### Problem
For the records below, print the lines from the line with "bracket is quasi-Poisson.\<close>" through the line with "(bv T) (bv E2)" exactly as written; include both end lines and exclude the rest.

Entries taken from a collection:
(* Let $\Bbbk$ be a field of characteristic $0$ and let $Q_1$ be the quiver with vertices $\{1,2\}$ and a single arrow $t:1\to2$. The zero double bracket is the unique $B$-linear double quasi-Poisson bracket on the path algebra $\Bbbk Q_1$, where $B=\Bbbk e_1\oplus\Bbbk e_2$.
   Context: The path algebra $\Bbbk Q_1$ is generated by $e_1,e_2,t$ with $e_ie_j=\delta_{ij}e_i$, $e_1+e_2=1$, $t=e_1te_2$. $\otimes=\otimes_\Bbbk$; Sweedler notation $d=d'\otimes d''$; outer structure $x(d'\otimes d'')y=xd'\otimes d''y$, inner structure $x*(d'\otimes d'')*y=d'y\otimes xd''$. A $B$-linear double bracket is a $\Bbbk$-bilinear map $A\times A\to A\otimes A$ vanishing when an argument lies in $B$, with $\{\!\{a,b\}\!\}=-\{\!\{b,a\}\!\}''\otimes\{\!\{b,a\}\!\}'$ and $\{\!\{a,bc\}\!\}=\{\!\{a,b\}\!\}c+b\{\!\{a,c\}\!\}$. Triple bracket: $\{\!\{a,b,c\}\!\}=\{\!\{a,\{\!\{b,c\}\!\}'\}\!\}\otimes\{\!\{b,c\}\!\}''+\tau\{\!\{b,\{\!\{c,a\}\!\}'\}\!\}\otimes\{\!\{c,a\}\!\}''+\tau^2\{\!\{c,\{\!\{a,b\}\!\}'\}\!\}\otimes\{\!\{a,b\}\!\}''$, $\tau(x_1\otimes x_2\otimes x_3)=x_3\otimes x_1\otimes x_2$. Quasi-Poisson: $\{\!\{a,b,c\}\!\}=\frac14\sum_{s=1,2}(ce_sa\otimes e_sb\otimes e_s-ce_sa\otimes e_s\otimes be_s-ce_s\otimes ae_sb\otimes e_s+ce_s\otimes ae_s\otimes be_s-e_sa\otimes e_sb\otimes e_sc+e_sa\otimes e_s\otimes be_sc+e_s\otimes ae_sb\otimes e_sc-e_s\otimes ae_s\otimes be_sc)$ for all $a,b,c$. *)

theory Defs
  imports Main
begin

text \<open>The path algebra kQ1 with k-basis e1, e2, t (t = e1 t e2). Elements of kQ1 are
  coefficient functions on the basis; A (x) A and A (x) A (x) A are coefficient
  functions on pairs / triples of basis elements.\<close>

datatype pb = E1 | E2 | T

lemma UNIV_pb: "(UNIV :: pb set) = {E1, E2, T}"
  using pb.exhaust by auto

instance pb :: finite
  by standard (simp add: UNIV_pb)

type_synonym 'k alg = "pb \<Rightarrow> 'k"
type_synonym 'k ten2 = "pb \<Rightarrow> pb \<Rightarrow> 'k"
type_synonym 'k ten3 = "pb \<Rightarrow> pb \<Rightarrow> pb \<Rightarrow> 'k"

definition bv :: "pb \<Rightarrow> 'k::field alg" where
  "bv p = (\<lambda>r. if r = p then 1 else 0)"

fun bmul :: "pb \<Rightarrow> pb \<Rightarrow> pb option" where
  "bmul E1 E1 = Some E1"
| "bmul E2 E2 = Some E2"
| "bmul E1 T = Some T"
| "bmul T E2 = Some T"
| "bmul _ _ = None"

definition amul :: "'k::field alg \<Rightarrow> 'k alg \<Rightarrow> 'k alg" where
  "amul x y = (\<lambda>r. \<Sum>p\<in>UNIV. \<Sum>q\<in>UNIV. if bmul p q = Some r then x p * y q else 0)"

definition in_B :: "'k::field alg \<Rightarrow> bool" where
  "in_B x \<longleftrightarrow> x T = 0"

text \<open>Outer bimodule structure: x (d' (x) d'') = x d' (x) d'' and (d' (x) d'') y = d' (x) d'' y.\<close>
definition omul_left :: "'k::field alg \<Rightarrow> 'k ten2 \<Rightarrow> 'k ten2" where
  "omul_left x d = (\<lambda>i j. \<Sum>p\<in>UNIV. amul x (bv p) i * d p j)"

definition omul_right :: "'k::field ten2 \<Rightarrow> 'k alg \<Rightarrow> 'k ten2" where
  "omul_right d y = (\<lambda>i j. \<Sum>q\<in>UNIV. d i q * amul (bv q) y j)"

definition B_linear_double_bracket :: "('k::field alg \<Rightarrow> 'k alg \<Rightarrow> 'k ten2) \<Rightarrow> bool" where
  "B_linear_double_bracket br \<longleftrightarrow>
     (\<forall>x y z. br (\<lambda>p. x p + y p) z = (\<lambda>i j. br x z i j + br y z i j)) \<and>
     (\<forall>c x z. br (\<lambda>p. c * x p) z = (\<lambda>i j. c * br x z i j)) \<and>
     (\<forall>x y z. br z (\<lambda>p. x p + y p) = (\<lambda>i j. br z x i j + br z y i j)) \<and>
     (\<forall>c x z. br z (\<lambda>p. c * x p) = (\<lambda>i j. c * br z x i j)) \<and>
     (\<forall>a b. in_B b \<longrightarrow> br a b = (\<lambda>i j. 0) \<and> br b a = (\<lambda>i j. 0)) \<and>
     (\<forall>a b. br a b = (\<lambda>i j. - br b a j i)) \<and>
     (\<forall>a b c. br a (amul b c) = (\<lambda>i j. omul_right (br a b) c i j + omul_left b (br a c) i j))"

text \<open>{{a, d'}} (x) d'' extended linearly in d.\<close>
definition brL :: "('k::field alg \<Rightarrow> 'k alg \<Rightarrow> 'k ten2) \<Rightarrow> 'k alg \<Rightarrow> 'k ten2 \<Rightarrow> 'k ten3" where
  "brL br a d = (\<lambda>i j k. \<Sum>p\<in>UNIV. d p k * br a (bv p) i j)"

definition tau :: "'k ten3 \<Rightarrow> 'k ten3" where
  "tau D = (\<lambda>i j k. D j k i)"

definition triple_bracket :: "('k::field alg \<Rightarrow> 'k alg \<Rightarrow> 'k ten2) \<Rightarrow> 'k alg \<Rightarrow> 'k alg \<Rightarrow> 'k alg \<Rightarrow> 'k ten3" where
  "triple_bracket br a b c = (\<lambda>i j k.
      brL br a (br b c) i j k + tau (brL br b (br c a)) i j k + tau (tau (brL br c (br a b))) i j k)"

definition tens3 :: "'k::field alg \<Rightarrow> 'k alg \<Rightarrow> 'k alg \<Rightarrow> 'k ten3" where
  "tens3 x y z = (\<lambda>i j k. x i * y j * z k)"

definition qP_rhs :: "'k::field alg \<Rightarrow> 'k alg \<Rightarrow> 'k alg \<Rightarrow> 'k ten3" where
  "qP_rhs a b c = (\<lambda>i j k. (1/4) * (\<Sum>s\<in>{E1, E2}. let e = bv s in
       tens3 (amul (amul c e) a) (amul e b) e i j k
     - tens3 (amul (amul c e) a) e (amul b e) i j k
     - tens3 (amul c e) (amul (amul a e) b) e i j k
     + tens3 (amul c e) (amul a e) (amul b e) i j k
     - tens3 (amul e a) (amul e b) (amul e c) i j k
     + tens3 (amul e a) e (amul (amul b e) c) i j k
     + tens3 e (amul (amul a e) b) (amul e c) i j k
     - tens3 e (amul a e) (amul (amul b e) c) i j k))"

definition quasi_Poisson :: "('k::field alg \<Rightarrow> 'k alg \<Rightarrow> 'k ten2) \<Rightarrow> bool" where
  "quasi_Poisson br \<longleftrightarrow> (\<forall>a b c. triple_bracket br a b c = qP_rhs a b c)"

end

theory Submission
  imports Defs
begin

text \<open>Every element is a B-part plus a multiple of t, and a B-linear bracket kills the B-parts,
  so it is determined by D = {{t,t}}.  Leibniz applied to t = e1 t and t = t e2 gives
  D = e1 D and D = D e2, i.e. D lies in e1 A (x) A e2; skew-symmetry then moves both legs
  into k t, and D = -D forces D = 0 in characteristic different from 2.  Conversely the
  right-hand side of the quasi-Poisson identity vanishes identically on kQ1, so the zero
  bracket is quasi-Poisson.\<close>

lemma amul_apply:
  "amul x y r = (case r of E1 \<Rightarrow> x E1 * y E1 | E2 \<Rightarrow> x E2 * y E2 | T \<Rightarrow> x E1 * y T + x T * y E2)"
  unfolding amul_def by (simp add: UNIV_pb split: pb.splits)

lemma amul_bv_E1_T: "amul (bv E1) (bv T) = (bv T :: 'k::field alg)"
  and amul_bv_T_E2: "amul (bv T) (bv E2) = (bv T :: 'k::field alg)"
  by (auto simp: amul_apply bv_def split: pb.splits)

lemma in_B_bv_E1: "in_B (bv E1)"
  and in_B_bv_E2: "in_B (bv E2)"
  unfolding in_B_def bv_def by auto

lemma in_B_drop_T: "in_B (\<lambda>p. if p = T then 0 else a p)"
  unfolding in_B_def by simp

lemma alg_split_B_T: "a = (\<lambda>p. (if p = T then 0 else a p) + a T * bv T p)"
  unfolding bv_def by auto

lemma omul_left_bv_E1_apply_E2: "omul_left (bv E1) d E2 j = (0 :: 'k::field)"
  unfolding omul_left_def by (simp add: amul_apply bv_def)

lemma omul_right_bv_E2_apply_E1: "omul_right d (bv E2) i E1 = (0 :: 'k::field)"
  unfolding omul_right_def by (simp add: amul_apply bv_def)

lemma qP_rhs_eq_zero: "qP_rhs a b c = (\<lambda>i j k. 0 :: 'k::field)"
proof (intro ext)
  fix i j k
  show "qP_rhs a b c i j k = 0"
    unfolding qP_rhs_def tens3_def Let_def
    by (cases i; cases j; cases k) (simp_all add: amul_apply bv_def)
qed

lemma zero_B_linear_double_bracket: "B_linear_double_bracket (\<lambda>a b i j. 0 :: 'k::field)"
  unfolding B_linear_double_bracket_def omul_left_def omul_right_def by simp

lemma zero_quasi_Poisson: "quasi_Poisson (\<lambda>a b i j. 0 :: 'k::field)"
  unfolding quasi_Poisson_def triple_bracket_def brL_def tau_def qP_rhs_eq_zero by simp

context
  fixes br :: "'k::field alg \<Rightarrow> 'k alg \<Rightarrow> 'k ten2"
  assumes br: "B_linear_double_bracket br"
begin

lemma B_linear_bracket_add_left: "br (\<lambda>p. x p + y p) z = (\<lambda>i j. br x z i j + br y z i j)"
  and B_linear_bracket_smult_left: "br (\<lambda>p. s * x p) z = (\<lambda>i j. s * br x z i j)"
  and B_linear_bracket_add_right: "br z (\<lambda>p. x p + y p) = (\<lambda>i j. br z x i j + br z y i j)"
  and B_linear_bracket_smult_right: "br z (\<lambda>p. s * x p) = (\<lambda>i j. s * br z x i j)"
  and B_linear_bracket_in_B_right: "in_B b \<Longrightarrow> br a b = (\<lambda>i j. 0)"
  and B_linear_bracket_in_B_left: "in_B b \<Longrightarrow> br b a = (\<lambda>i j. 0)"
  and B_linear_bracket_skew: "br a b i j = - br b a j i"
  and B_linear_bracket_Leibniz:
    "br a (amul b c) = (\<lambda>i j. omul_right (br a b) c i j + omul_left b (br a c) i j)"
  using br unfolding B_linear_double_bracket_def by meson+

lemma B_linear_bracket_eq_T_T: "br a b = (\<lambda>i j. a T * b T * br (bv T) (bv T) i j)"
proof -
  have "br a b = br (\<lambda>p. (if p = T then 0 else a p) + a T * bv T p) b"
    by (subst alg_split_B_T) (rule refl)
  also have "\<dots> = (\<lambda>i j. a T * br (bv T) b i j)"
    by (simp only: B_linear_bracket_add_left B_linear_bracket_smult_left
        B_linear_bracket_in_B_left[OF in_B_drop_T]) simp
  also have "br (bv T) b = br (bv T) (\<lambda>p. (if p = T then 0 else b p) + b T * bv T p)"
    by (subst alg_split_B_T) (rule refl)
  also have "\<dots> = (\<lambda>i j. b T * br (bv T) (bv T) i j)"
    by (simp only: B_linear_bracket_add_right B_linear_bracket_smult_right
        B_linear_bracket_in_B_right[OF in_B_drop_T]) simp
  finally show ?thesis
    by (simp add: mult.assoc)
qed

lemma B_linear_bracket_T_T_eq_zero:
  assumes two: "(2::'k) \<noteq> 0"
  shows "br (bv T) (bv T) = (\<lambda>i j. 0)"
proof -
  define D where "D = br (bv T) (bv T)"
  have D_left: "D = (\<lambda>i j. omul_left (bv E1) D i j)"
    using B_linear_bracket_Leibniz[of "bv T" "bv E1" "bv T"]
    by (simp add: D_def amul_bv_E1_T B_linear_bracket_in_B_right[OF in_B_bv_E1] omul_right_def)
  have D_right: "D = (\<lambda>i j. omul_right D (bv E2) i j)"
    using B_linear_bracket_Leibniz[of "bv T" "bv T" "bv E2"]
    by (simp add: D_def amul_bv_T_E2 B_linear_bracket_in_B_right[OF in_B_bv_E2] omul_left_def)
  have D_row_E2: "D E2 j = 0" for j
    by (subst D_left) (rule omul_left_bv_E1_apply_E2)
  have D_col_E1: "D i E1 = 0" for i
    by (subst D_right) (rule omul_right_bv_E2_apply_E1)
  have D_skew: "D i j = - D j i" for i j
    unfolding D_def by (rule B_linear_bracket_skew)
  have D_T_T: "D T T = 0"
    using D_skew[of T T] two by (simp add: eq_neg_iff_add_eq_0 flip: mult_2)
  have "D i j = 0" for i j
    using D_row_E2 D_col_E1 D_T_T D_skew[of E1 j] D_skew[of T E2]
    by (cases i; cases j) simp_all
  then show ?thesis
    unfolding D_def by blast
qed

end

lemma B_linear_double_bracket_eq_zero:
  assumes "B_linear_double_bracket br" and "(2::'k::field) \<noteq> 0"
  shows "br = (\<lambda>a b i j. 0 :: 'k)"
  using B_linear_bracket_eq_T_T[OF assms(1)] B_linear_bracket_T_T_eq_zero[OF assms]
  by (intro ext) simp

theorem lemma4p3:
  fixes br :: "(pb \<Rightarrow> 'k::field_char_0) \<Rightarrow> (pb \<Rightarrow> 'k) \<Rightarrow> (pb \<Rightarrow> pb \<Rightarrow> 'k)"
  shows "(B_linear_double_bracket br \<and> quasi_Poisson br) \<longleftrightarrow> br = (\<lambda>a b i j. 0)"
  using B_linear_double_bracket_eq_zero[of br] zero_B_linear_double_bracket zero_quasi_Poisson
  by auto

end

### Completed exercise
  bracket is quasi-Poisson.\<close>

lemma amul_apply:
  "amul x y r = (case r of E1 \<Rightarrow> x E1 * y E1 | E2 \<Rightarrow> x E2 * y E2 | T \<Rightarrow> x E1 * y T + x T * y E2)"
  unfolding amul_def by (simp add: UNIV_pb split: pb.splits)

lemma amul_bv_E1_T: "amul (bv E1) (bv T) = (bv T :: 'k::field alg)"
  and amul_bv_T_E2: "amul (bv T) (bv E2) = (bv T :: 'k::field alg)"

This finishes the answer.